The project rolling in the district’s four traditional authorities of Mbelwa, Mzukuzuku, Khosolo and Mabilabo is reaching out to over 575 women.
In the areas women have placed themselves in 23 groups that are known as reflect cycles and each cycle has about 25 women that meet three times in a week. During the meetings they discuss about their rights, they manage what they call village savings and loans as well as those that are illiterate acquire literary and numerical skills.
Knowing the challenges with cultural authority that reign supreme in Mzimba, Mgawa says they first trained the traditional leaders using available instruments like constitution so that the meetings women were holding in their cycles should bear fruits.
“We can proudly say we have managed to break cultural values within two years. However, the major challenge is that these are practices that have been going on for time immemorial and it cannot happen that we change the mindset completely,” he said.
Eventually, due to pressure from the women who had now realised their rights, one’s father and brothers and the other one’s husband relented and offered them land.

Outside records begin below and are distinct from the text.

lemma Fbar_bounds_and_AR:
  fixes F :: "real \<Rightarrow> 'a::euclidean_space \<Rightarrow> real"
  assumes M: "0 < M1" "0 < M2" and pos: "0 < q2" "0 < \<beta>"
    and F_deriv: "\<And>x. x \<in> cball 0 \<delta> \<Longrightarrow> (F t has_derivative (\<lambda>h. g x \<bullet> h)) (at x within cball 0 \<delta>)"
    and H1: "\<And>x. norm x \<le> \<delta> \<Longrightarrow> M1 * norm x powr q1 \<le> F t x \<and> F t x \<le> M2 * norm x powr q2"
    and F_AR: "\<And>x. norm x \<le> \<delta> \<Longrightarrow> \<beta> * F t x \<le> g x \<bullet> x"
    and m_deriv: "\<And>s. (m has_real_derivative m' s) (at s)"
    and m_range: "\<And>s. 0 \<le> m s \<and> m s \<le> 1"
    and m_mono: "\<And>s. s * m' s \<le> 0"
    and m_zero: "\<And>s. \<delta> \<le> \<bar>s\<bar> \<Longrightarrow> m s = 0"
  shows "(\<forall>x. 0 \<le> Fbar m M2 q2 F t x \<and> Fbar m M2 q2 F t x \<le> M2 * norm x powr q2)
         \<and> (\<forall>x. x \<noteq> 0 \<longrightarrow> (\<exists>D. (Fbar m M2 q2 F t has_derivative (\<lambda>h. D \<bullet> h)) (at x)
                 \<and> 0 < min q2 \<beta> * Fbar m M2 q2 F t x
                 \<and> min q2 \<beta> * Fbar m M2 q2 F t x \<le> D \<bullet> x))"
proof (intro conjI allI impI exI)
  have F_pos: "0 < F t x" if "x \<noteq> 0" "norm x \<le> \<delta>" for x
  proof -
    have "0 < M1 * norm x powr q1"
      using M(1) that(1) by simp
    then show ?thesis
      using H1[OF that(2)] by linarith
  qed
  have F_bounds: "0 \<le> F t x \<and> F t x \<le> M2 * norm x powr q2" if "norm x \<le> \<delta>" for x
    using H1[OF that] F_pos[OF _ that] by (cases "x = 0") (auto intro: less_imp_le)
  fix x :: 'a
  show "0 \<le> Fbar m M2 q2 F t x" "Fbar m M2 q2 F t x \<le> M2 * norm x powr q2"
    using Fbar_bounds[where F = F and t = t, OF m_range m_zero F_bounds] M(2) by simp_all
  assume x: "x \<noteq> 0"
  show "(Fbar m M2 q2 F t has_derivative (\<lambda>h. Fbar_grad m m' M2 q2 (F t) g x \<bullet> h)) (at x)"
    using m_range by (intro has_derivative_Fbar[where F = F and t = t, OF x F_deriv m_deriv _ m_zero]) auto
  show "0 < min q2 \<beta> * Fbar m M2 q2 F t x"
    using Fbar_pos[where F = F and t = t, OF x m_range m_zero F_pos M(2)] pos by simp
  show "min q2 \<beta> * Fbar m M2 q2 F t x \<le> Fbar_grad m m' M2 q2 (F t) g x \<bullet> x"
    using pos M(2)
    by (intro Fbar_euler_ineq[where F = F and t = t, OF x _ _ _ m_deriv m_range m_mono m_zero F_bounds F_AR])
      auto
qed

theorem lemma3p1:
  fixes F :: "real \<Rightarrow> 'a::euclidean_space \<Rightarrow> real"
    and gradF :: "real \<Rightarrow> 'a \<Rightarrow> 'a"
    and m m' :: "real \<Rightarrow> real"
    and T p \<delta> q1 q2 M1 M2 \<beta> :: real
  assumes T: "T > 0" and p: "p > 1" and \<delta>: "\<delta> > 0"
    and C1: "AE t in lebesgue. t \<in> {0..T} \<longrightarrow>
              (\<forall>x\<in>cball 0 \<delta>. (F t has_derivative (\<lambda>h. inner (gradF t x) h)) (at x within cball 0 \<delta>))
              \<and> continuous_on (cball 0 \<delta>) (gradF t)"
    and q: "q1 > p\<^sup>2" "p\<^sup>2 < q2" "q2 < q1" and M: "M1 > 0" "M2 > 0"
    and H1: "AE t in lebesgue. t \<in> {0..T} \<longrightarrow>
              (\<forall>x. norm x \<le> \<delta> \<longrightarrow> M1 * norm x powr q1 \<le> F t x \<and> F t x \<le> M2 * norm x powr q2)"
    and \<beta>: "\<beta> > p\<^sup>2"
    and H2: "AE t in lebesgue. t \<in> {0..T} \<longrightarrow>
              (\<forall>x. norm x \<le> \<delta> \<longrightarrow> 0 \<le> \<beta> * F t x \<and> \<beta> * F t x \<le> inner (gradF t x) x)"
    and m_deriv: "\<And>s. (m has_real_derivative m' s) (at s)"
    and m'_cont: "continuous_on UNIV m'"
    and m_range: "\<And>s. 0 \<le> m s \<and> m s \<le> 1"
    and m_even: "\<And>s. m (- s) = m s"
    and m_mono: "\<And>s. s * m' s \<le> 0"
    and m_one: "\<And>s. \<bar>s\<bar> \<le> \<delta> / 2 \<Longrightarrow> m s = 1"
    and m_zero: "\<And>s. \<bar>s\<bar> \<ge> \<delta> \<Longrightarrow> m s = 0"
  shows "AE t in lebesgue. t \<in> {0..T} \<longrightarrow>
           (\<forall>x. 0 \<le> Fbar m M2 q2 F t x \<and> Fbar m M2 q2 F t x \<le> M2 * norm x powr q2)
         \<and> (\<forall>x. x \<noteq> 0 \<longrightarrow> (\<exists>D. (Fbar m M2 q2 F t has_derivative (\<lambda>h. inner D h)) (at x)
                 \<and> 0 < min q2 \<beta> * Fbar m M2 q2 F t x
                 \<and> min q2 \<beta> * Fbar m M2 q2 F t x \<le> inner D x))"
proof -
  have "0 < p\<^sup>2"
    using p by simp
  then have pos: "0 < q2" "0 < \<beta>"
    using q \<beta> by linarith+
  show ?thesis
    using C1 H1 H2
  proof eventually_elim
    case (elim t)
    show ?case
      using elim
      by (intro impI Fbar_bounds_and_AR[where F = F and t = t and g = "gradF t", OF M pos _ _ _
            m_deriv m_range m_mono m_zero]) auto
  qed
qed

end
lemma prod_dist_ge_prod_radii:
  fixes \<rho> :: "nat \<Rightarrow> real" and A :: "'a::metric_space multiset"
  assumes "\<And>k. 0 \<le> \<rho> k"
    and "\<And>k. 1 \<le> k \<Longrightarrow> size {#a \<in># A. dist z a < \<rho> k#} < k"
  shows "(\<Prod>k=1..size A. \<rho> k) \<le> (\<Prod>a\<in>#A. dist z a)"
  using assms(2)
proof (induction "size A" arbitrary: A)
  case 0
  then show ?case by simp
next
  case (Suc n)
  have "size {#a \<in># A. dist z a < \<rho> (Suc n)#} < size A"
    using Suc.prems[of "Suc n"] Suc.hyps(2) by simp
  then have "{#a \<in># A. \<not> dist z a < \<rho> (Suc n)#} \<noteq> {#}"
    by (metis add.right_neutral less_irrefl multiset_partition size_union)
  then obtain a where a: "a \<in># A" "\<rho> (Suc n) \<le> dist z a"
    by auto
  define A' where "A' = A - {#a#}"
  have A: "A = add_mset a A'"
    using a(1) A'_def by simp
  have "size {#b \<in># A'. dist z b < \<rho> k#} < k" if "1 \<le> k" for k
  proof -
    have "size {#b \<in># A'. dist z b < \<rho> k#} \<le> size {#b \<in># A. dist z b < \<rho> k#}"
      unfolding A by (intro size_mset_mono multiset_filter_mono) auto
    then show ?thesis
      using Suc.prems[OF that] by linarith
  qed
  then have IH: "(\<Prod>k=1..n. \<rho> k) \<le> (\<Prod>b\<in>#A'. dist z b)"
    using Suc.hyps A by simp
  have "(\<Prod>k=1..size A. \<rho> k) = \<rho> (Suc n) * (\<Prod>k=1..n. \<rho> k)"
    using Suc.hyps(2)[symmetric] by (simp add: prod.cl_ivl_Suc mult.commute)
  also have "\<dots> \<le> dist z a * (\<Prod>b\<in>#A'. dist z b)"
    using a(2) IH assms(1) by (intro mult_mono prod_nonneg prod_mset_nonneg) auto
  also have "\<dots> = (\<Prod>b\<in>#A. dist z b)"
    unfolding A by simp
  finally show ?case .
qed

definition cartan_radius :: "real \<Rightarrow> real \<Rightarrow> nat \<Rightarrow> nat \<Rightarrow> real" where
  "cartan_radius h \<alpha> n k = h * (real k / real n) powr (1 / \<alpha>)"

lemma cartan_radius_nonneg: "0 \<le> h \<Longrightarrow> 0 \<le> cartan_radius h \<alpha> n k"
  by (simp add: cartan_radius_def)

lemma cartan_radius_pos: "0 < h \<Longrightarrow> 1 \<le> k \<Longrightarrow> k \<le> n \<Longrightarrow> 0 < cartan_radius h \<alpha> n k"
  by (simp add: cartan_radius_def)

lemma mono_cartan_radius: "0 \<le> h \<Longrightarrow> 0 < \<alpha> \<Longrightarrow> mono (cartan_radius h \<alpha> n)"
  unfolding cartan_radius_def
  by (intro monoI mult_left_mono powr_mono2 divide_right_mono) auto

lemma powr_cartan_radius:
  assumes "0 \<le> h" "0 < \<alpha>"
  shows "cartan_radius h \<alpha> n k powr \<alpha> = h powr \<alpha> * (real k / real n)"
  using assms by (simp add: cartan_radius_def powr_mult powr_powr)

lemma prod_cartan_radius_ge:
  assumes "0 < h" "0 < \<alpha>"
  shows "(h / exp (1 / \<alpha>)) ^ n \<le> (\<Prod>k=1..n. cartan_radius h \<alpha> n k)"
proof (cases "n = 0")
  case False
  have "real n ^ n / fact n \<le> exp (real n)"
    by (rule power_div_fact_le_exp) simp
  then have "exp (- real n) \<le> fact n / real n ^ n"
    using False by (simp add: exp_minus field_simps)
  then have "exp (- real n) powr (1 / \<alpha>) \<le> (fact n / real n ^ n) powr (1 / \<alpha>)"
    using assms(2) by (intro powr_mono2) auto
  moreover have "exp (- real n) powr (1 / \<alpha>) = (1 / exp (1 / \<alpha>)) ^ n"
  proof -
    have "exp (- real n) powr (1 / \<alpha>) = exp (real n * - (1 / \<alpha>))"
      by (simp add: exp_powr_real)
    also have "\<dots> = exp (- (1 / \<alpha>)) ^ n"
      by (rule exp_of_nat_mult)
    finally show ?thesis
      by (simp add: exp_minus inverse_eq_divide)
  qed
  ultimately have "h ^ n * (1 / exp (1 / \<alpha>)) ^ n \<le> h ^ n * (fact n / real n ^ n) powr (1 / \<alpha>)"
    using assms(1) by (intro mult_left_mono) auto
  then have "(h / exp (1 / \<alpha>)) ^ n \<le> h ^ n * (fact n / real n ^ n) powr (1 / \<alpha>)"
    by (simp add: power_divide)
  also have "fact n / real n ^ n = (\<Prod>k=1..n. real k / real n)"
    by (simp add: prod_dividef fact_prod)
  also have "h ^ n * (\<Prod>k=1..n. real k / real n) powr (1 / \<alpha>) = (\<Prod>k=1..n. cartan_radius h \<alpha> n k)"
    by (simp add: cartan_radius_def prod.distrib prod_powr_distrib)
  finally show ?thesis .
qed simp

lemma sum_powr_cartan_radius_le:
  assumes "0 \<le> h" "0 < \<alpha>" "sum_list (map snd L) = n"
  shows "(\<Sum>j<length L. cartan_radius h \<alpha> n (snd (L ! j)) powr \<alpha>) \<le> h powr \<alpha>"
proof -
  have "(\<Sum>j<length L. cartan_radius h \<alpha> n (snd (L ! j)) powr \<alpha>)
      = (\<Sum>j<length L. h powr \<alpha> * (real (snd (L ! j)) / real n))"
    using assms(1,2) by (simp only: powr_cartan_radius)
  also have "\<dots> = h powr \<alpha> * ((\<Sum>j<length L. real (snd (L ! j))) / real n)"
    by (simp only: sum_distrib_left sum_divide_distrib)
  also have "(\<Sum>j<length L. real (snd (L ! j))) = real n"
    using assms(3) by (simp add: sum_list_sum_nth atLeast0LessThan flip: of_nat_sum)
  finally show ?thesis
    by (cases "n = 0") auto
qed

Patrick Shaba, brother to Ruth, says it was difficult to have their sister have her own piece of land because as it is culturally expected, they had already had shared the land amongst men folks within the family.

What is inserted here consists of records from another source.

(* Let $h>0$ satisfy $L_eh^2\le1/9$, where $L_e=L+2\epsilon\tilde L$. For $x,v\in\mathbb{R}^{Nd}$ and $\mathcal U_0\sim\mathrm{Unif}[0,1]$, let $Q_h(x,v)=x+hv-\frac{h^2}2\nabla U(x+h\mathcal U_0v)$ and $P_h(x,v)=v-h\nabla U(x+h\mathcal U_0v)$ (one step of the randomized integrator). Then $$\sum_{\ell=1}^N\big|\!\big|\!\big|\mathbb{E}[(Q^\ell_h(x,v),P^\ell_h(x,v))]-(q^\ell_h(x,v),p^\ell_h(x,v))\big|\!\big|\!\big|^2\le7(L_eh^2)^3\sum_{\ell=1}^N\Big(|\!|\!|(x^\ell,v^\ell)|\!|\!|^2+\frac13L_e^{-2}\epsilon^2\mathbf W_0^2\Big),$$ where $\mathbf W_0=|\nabla_1W(0,0)|$.
   Context: Standing assumptions: $\epsilon\ge0$; $V:\mathbb{R}^d\to\mathbb{R}$, $W:\mathbb{R}^d\times\mathbb{R}^d\to\mathbb{R}$ are $C^1$, $\nabla_1W$ the gradient in the first argument, constants $L>0$, $\tilde L\ge0$ with: (a) $V(0)=0$, $V\ge0$; (b) $|\nabla V(x)-\nabla V(y)|\le L|x-y|$; (d) $W$ symmetric, $|\nabla_1W(x,y)-\nabla_1W(\tilde x,\tilde y)|\le\tilde L(|x-\tilde x|+|y-\tilde y|)$. Points of $\mathbb{R}^{Nd}$: $x=(x^1,\dots,x^N)$. $U(x)=\sum_i\big(V(x^i)+\frac\epsilon{2N}\sum_jW(x^i,x^j)\big)$, $\nabla U=(\nabla_1U,\dots,\nabla_NU)$ with $\nabla_iU=\partial U/\partial x^i$. Exact flow $(q_t,p_t)(x,v)$: $\dot q^i_t=p^i_t$, $\dot p^i_t=-\nabla_iU(q_t)$, $(q_0,p_0)=(x,v)$. For $(a,b)\in\mathbb{R}^{2d}$, $|\!|\!|(a,b)|\!|\!|^2=|a|^2+L_e^{-1}|b|^2$. *)

theory Defs
  imports "HOL-Analysis.Analysis"
begin

text \<open>Configurations of N particles in R^d: elements of 'd ^ 'n, with 'n a finite
  index type of cardinality N and 'd a Euclidean space (R^d).\<close>

definition Upot :: "('d \<Rightarrow> real) \<Rightarrow> ('d \<Rightarrow> 'd \<Rightarrow> real) \<Rightarrow> real \<Rightarrow> ('d ^ 'n::finite) \<Rightarrow> real" where
  "Upot V W eps x = (\<Sum>i\<in>UNIV. V (x $ i) + eps / (2 * real CARD('n)) * (\<Sum>j\<in>UNIV. W (x $ i) (x $ j)))"

definition tnorm2 :: "real \<Rightarrow> 'd::real_normed_vector \<Rightarrow> 'd \<Rightarrow> real" where
  "tnorm2 Le a b = (norm a)^2 + (norm b)^2 / Le"

text \<open>One step of the randomized integrator, for the realisation u of U_0.\<close>
definition Qstep :: "(('d::real_normed_vector) ^ 'n::finite \<Rightarrow> 'd ^ 'n) \<Rightarrow> real \<Rightarrow> 'd ^ 'n \<Rightarrow> 'd ^ 'n \<Rightarrow> real \<Rightarrow> 'd ^ 'n" where
  "Qstep gU h x v u = x + h *\<^sub>R v - (h^2/2) *\<^sub>R gU (x + (h*u) *\<^sub>R v)"

definition Pstep :: "(('d::real_normed_vector) ^ 'n::finite \<Rightarrow> 'd ^ 'n) \<Rightarrow> real \<Rightarrow> 'd ^ 'n \<Rightarrow> 'd ^ 'n \<Rightarrow> real \<Rightarrow> 'd ^ 'n" where
  "Pstep gU h x v u = v - h *\<^sub>R gU (x + (h*u) *\<^sub>R v)"

end

theory Submission
  imports Defs
begin

(* Averaging over the uniform time U_0 turns one step of the randomized integrator into
   (x + (h/2) (v + A), A) with A = v - int_0^h grad U (x + s v) ds: the velocity is updated with the
   exact integral of the force along the free-flight line x + s v, the position by the trapezoidal
   rule.  The gradient of U is the mean-field force grad V (x^i) + (eps/N) sum_j grad_1 W (x^i, x^j),
   which is L_e-Lipschitz (averaging is a contraction in l^2) and has norm at most
   L_e |x| + eps sqrt N W_0.  If B bounds the force along the exact trajectory, the mean value
   inequality shows that the exact position stays within t^2 B/2 of free flight, hence the velocity
   error is at most L_e B t^3/6 and the position error at most L_e B t^4/24 + L_e |v| t^3/12.
   Bounding B through max_t |q_t| and using L_e h^2 <= 1/9 to absorb the implicit term gives the
   estimate. *)

definition mean_field_force ::
  "('d::real_normed_vector \<Rightarrow> 'd) \<Rightarrow> ('d \<Rightarrow> 'd \<Rightarrow> 'd) \<Rightarrow> real \<Rightarrow> 'd ^ 'n::finite \<Rightarrow> 'd ^ 'n" where
  "mean_field_force gV gW eps y = (\<chi> k. gV (y$k) + (eps / real CARD('n)) *\<^sub>R (\<Sum>j\<in>UNIV. gW (y$k) (y$j)))"

lemma continuous_on_jointly_lipschitz:
  fixes f :: "'a::real_normed_vector \<Rightarrow> 'b::real_normed_vector \<Rightarrow> 'c::real_normed_vector"
  assumes lip: "\<And>y z y' z'. norm (f y z - f y' z') \<le> C * (norm (y - y') + norm (z - z'))"
    and C: "C \<ge> 0"
  shows "continuous_on UNIV (\<lambda>p. f (fst p) (snd p))"
proof (rule lipschitz_on_continuous_on[of "2 * C"], unfold lipschitz_on_def, safe)
  show "0 \<le> 2 * C" using C by simp
  fix p r :: "'a \<times> 'b"
  have "dist (f (fst p) (snd p)) (f (fst r) (snd r)) \<le> C * (dist (fst p) (fst r) + dist (snd p) (snd r))"
    using lip by (simp add: dist_norm)
  also have "\<dots> \<le> C * (dist p r + dist p r)"
    using C by (intro mult_left_mono add_mono dist_fst_le dist_snd_le)
  finally show "dist (f (fst p) (snd p)) (f (fst r) (snd r)) \<le> 2 * C * dist p r" by simp
qed

lemma has_derivative_symmetric_pair_potential:
  fixes W :: "'d::euclidean_space \<Rightarrow> 'd \<Rightarrow> real" and gW :: "'d \<Rightarrow> 'd \<Rightarrow> 'd"
  assumes W_diff: "\<And>y z. ((\<lambda>a. W a z) has_derivative (\<lambda>b. gW y z \<bullet> b)) (at y)"
    and W_sym: "\<And>y z. W y z = W z y"
    and gW_cont: "continuous_on UNIV (\<lambda>p. gW (fst p) (snd p))"
  shows "((\<lambda>p. W (fst p) (snd p)) has_derivative (\<lambda>t. gW a b \<bullet> fst t + gW b a \<bullet> snd t)) (at (a, b))"
proof -
  have "continuous_on UNIV (\<lambda>p. gW (snd p) (fst p))"
    using continuous_on_compose[OF continuous_on_swap gW_cont[THEN continuous_on_subset]]
    by (simp add: o_def)
  then have cont: "continuous_on UNIV (\<lambda>p. blinfun_inner_left (gW (snd p) (fst p)))"
    by (intro continuous_intros)
  have second: "((\<lambda>z. W y z) has_derivative blinfun_inner_left (gW z y)) (at z within UNIV)" for y z
    using W_diff[where y=z and z=y] by (simp add: W_sym[of y] inner_commute)
  have "((\<lambda>(y, z). W y z) has_derivative (\<lambda>(ty, tz). gW a b \<bullet> ty + blinfun_inner_left (gW b a) tz))
      (at (a, b) within UNIV \<times> UNIV)"
    by (rule has_derivative_partialsI[where fy="\<lambda>y z. blinfun_inner_left (gW z y)"])
       (use W_diff second cont in \<open>auto simp: continuous_on_eq_continuous_at case_prod_unfold\<close>)
  then show ?thesis by (simp add: case_prod_unfold inner_commute)
qed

“The reason we gave her land was due to her plight and the new demands that started coming,” he said.
Prywell Jere, a Ngoni man who is husband to Margret Nyati, said they first thought that the project had come to destroy families.

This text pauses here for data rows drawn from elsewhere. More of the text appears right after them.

(* Let $e\colon\mathbb{G}_1\times\mathbb{G}_1\to\mathbb{G}_2$ be a cryptographic pairing between groups of order $p$. Suppose the $(t,\epsilon)$-Computational Diffie-Hellman assumption holds in $\mathbb{G}_1$. Then $e$ is a $(t-O(1),\epsilon)$-one-way pairing.
   Context: A cryptographic pairing is a map $e\colon\mathbb{G}_1\times\mathbb{G}_1\to\mathbb{G}_2$ between cyclic groups of prime order $p$ that is bilinear ($e(x^a,y^b)=e(x,y)^{ab}$) and non-degenerate ($e(g,g)$ generates $\mathbb{G}_2$ whenever $g$ generates $\mathbb{G}_1$). The $(t,\epsilon)$-CDH assumption holds in $\mathbb{G}_1$ if there is no algorithm running in time at most $t$ that on input $(g,g^a,g^b)$ outputs $g^{ab}$ with probability at least $\epsilon$ over all choices of $(g,a,b)$. The pairing $e$ is a $(t,\epsilon)$-one-way pairing if for every algorithm $\mathcal{A}$ that takes as input $g\in\mathbb{G}_1$ and $x\in\mathbb{G}_2$, outputs an element of $\mathbb{G}_1$, and runs in time at most $t$, one has $\Pr[e(g,\mathcal{A}(g,x))=x]<\epsilon$, the probability over $g$ and $x$. *)

theory Defs
  imports "HOL-Algebra.Generated_Groups" "HOL-Probability.Product_PMF"
begin

definition generators :: "('a, 'c) monoid_scheme \<Rightarrow> 'a set" where
  "generators G = {g \<in> carrier G. generate G {g} = carrier G}"

definition cyclic_of_prime_order :: "('a, 'c) monoid_scheme \<Rightarrow> nat \<Rightarrow> bool" where
  "cyclic_of_prime_order G p \<longleftrightarrow>
     group G \<and> prime p \<and> finite (carrier G) \<and> card (carrier G) = p \<and> generators G \<noteq> {}"

definition cryptographic_pairing ::
  "('a, 'c) monoid_scheme \<Rightarrow> ('b, 'd) monoid_scheme \<Rightarrow> nat \<Rightarrow> ('a \<Rightarrow> 'a \<Rightarrow> 'b) \<Rightarrow> bool" where
  "cryptographic_pairing G1 G2 p e \<longleftrightarrow>
     cyclic_of_prime_order G1 p \<and> cyclic_of_prime_order G2 p \<and>
     (\<forall>x \<in> carrier G1. \<forall>y \<in> carrier G1. e x y \<in> carrier G2) \<and>
     (\<forall>x \<in> carrier G1. \<forall>y \<in> carrier G1. \<forall>a b :: nat.
         e (x [^]\<^bsub>G1\<^esub> a) (y [^]\<^bsub>G1\<^esub> b) = (e x y) [^]\<^bsub>G2\<^esub> (a * b)) \<and>
     (\<forall>g \<in> generators G1. e g g \<in> generators G2)"

text \<open>Adversaries are randomized algorithms, modelled by their output distributions.
  CDH adversary: input (g, g^a, g^b), output an element. One-way adversary: input (g, x).\<close>

type_synonym ('a) cdh_adversary = "'a \<Rightarrow> 'a \<Rightarrow> 'a \<Rightarrow> 'a pmf"
type_synonym ('a, 'b) ow_adversary = "'a \<Rightarrow> 'b \<Rightarrow> 'a pmf"

definition cdh_success :: "('a, 'c) monoid_scheme \<Rightarrow> nat \<Rightarrow> 'a cdh_adversary \<Rightarrow> real" where
  "cdh_success G p A =
     measure_pmf.prob
       (bind_pmf (pmf_of_set (generators G)) (\<lambda>g.
        bind_pmf (pmf_of_set {..<p}) (\<lambda>a.
        bind_pmf (pmf_of_set {..<p}) (\<lambda>b.
        map_pmf (\<lambda>z. z = g [^]\<^bsub>G\<^esub> (a * b)) (A g (g [^]\<^bsub>G\<^esub> a) (g [^]\<^bsub>G\<^esub> b))))))
       {True}"

definition ow_success ::
  "('a, 'c) monoid_scheme \<Rightarrow> ('b, 'd) monoid_scheme \<Rightarrow> ('a \<Rightarrow> 'a \<Rightarrow> 'b) \<Rightarrow> ('a, 'b) ow_adversary \<Rightarrow> real" where
  "ow_success G1 G2 e A =
     measure_pmf.prob
       (bind_pmf (pmf_of_set (generators G1)) (\<lambda>g.
        bind_pmf (pmf_of_set (carrier G2)) (\<lambda>x.
        map_pmf (\<lambda>y. e g y = x) (A g x))))
       {True}"

definition ow_valid :: "('a, 'c) monoid_scheme \<Rightarrow> ('b, 'd) monoid_scheme \<Rightarrow> ('a, 'b) ow_adversary \<Rightarrow> bool" where
  "ow_valid G1 G2 A \<longleftrightarrow>
     (\<forall>g \<in> carrier G1. \<forall>x \<in> carrier G2. set_pmf (A g x) \<subseteq> carrier G1)"

text \<open>time_cdh A / time_ow A is the running time of (the best implementation of) the
  algorithm A in some fixed computational model.\<close>

definition cdh_assumption ::
  "('a, 'c) monoid_scheme \<Rightarrow> nat \<Rightarrow> ('a cdh_adversary \<Rightarrow> real) \<Rightarrow> real \<Rightarrow> real \<Rightarrow> bool" where
  "cdh_assumption G p time_cdh t \<epsilon> \<longleftrightarrow>
     (\<forall>A. time_cdh A \<le> t \<longrightarrow> cdh_success G p A < \<epsilon>)"

definition one_way_pairing ::
  "('a, 'c) monoid_scheme \<Rightarrow> ('b, 'd) monoid_scheme \<Rightarrow> ('a \<Rightarrow> 'a \<Rightarrow> 'b)
     \<Rightarrow> (('a, 'b) ow_adversary \<Rightarrow> real) \<Rightarrow> real \<Rightarrow> real \<Rightarrow> bool" where
  "one_way_pairing G1 G2 e time_ow t \<epsilon> \<longleftrightarrow>
     (\<forall>A. ow_valid G1 G2 A \<longrightarrow> time_ow A \<le> t \<longrightarrow> ow_success G1 G2 e A < \<epsilon>)"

“But after they explained to me in details, I ended up understanding and I think to an extent it is a relief because initially I used to think for her and now it is up to her to decide what we do with resources,” he said.
“I can now see that she is a very happy person, years of marriage with her have not elicited big smiles that I see on her face now, ever since she took charge of getting control and owning her own land,” he added.
Jere said men have to bow down to some of these cultural beliefs because eventually as a family, everyone becomes a beneficiary of the woman’s exploits.
Inkosi Mzukuzuku said the paradigm shift in how to treat women that Action Aid brought to Mzimba has also given him authority where he is now able to resolve cases based on the new knowledge, which is in line with the law.
“I have summoned all village and group village headmen within my area and I have reminded them what we agreed from the onset that women who cultivated tobacco or soya beans should be left freely to have their money and use it in the way they want,” he says.
Inkosi Mzukuzuku says initially, per month he used to resolve 10 cases related to denial to allow women use land as well as unfair use of proceeds from farm produce by the husbands and now he resolves a maximum of four cases a month.
“The most common ones were those where a woman was widowed and relatives of the husband wanted to snatch it,” he says; “it looks like we used to draw on our cultural beliefs more strongly than we would employ the law due to ignorance.”
Inkosana Mkhuzo Jere of Engalaweni who is the right-hand-man of the Paramount Chief Mbelwa says they are now working together with government to ensure that women exercise full rights in this democratic practice.
“We have now realised that we are equal to our women, and this necessitate that women access, control and own land and that they also have full control of the produce and its proceeds,” he says.
Ruth Shaba of Khosolo says as a proud landowner now she has cultivated maize and soya beans and she feels elated that she will not look over her shoulder when harvesting and there is already a market for her soya beans.
“Land can really give you power and save you from embarrassment,” she says with smirk that never left her face the whole time of the interview.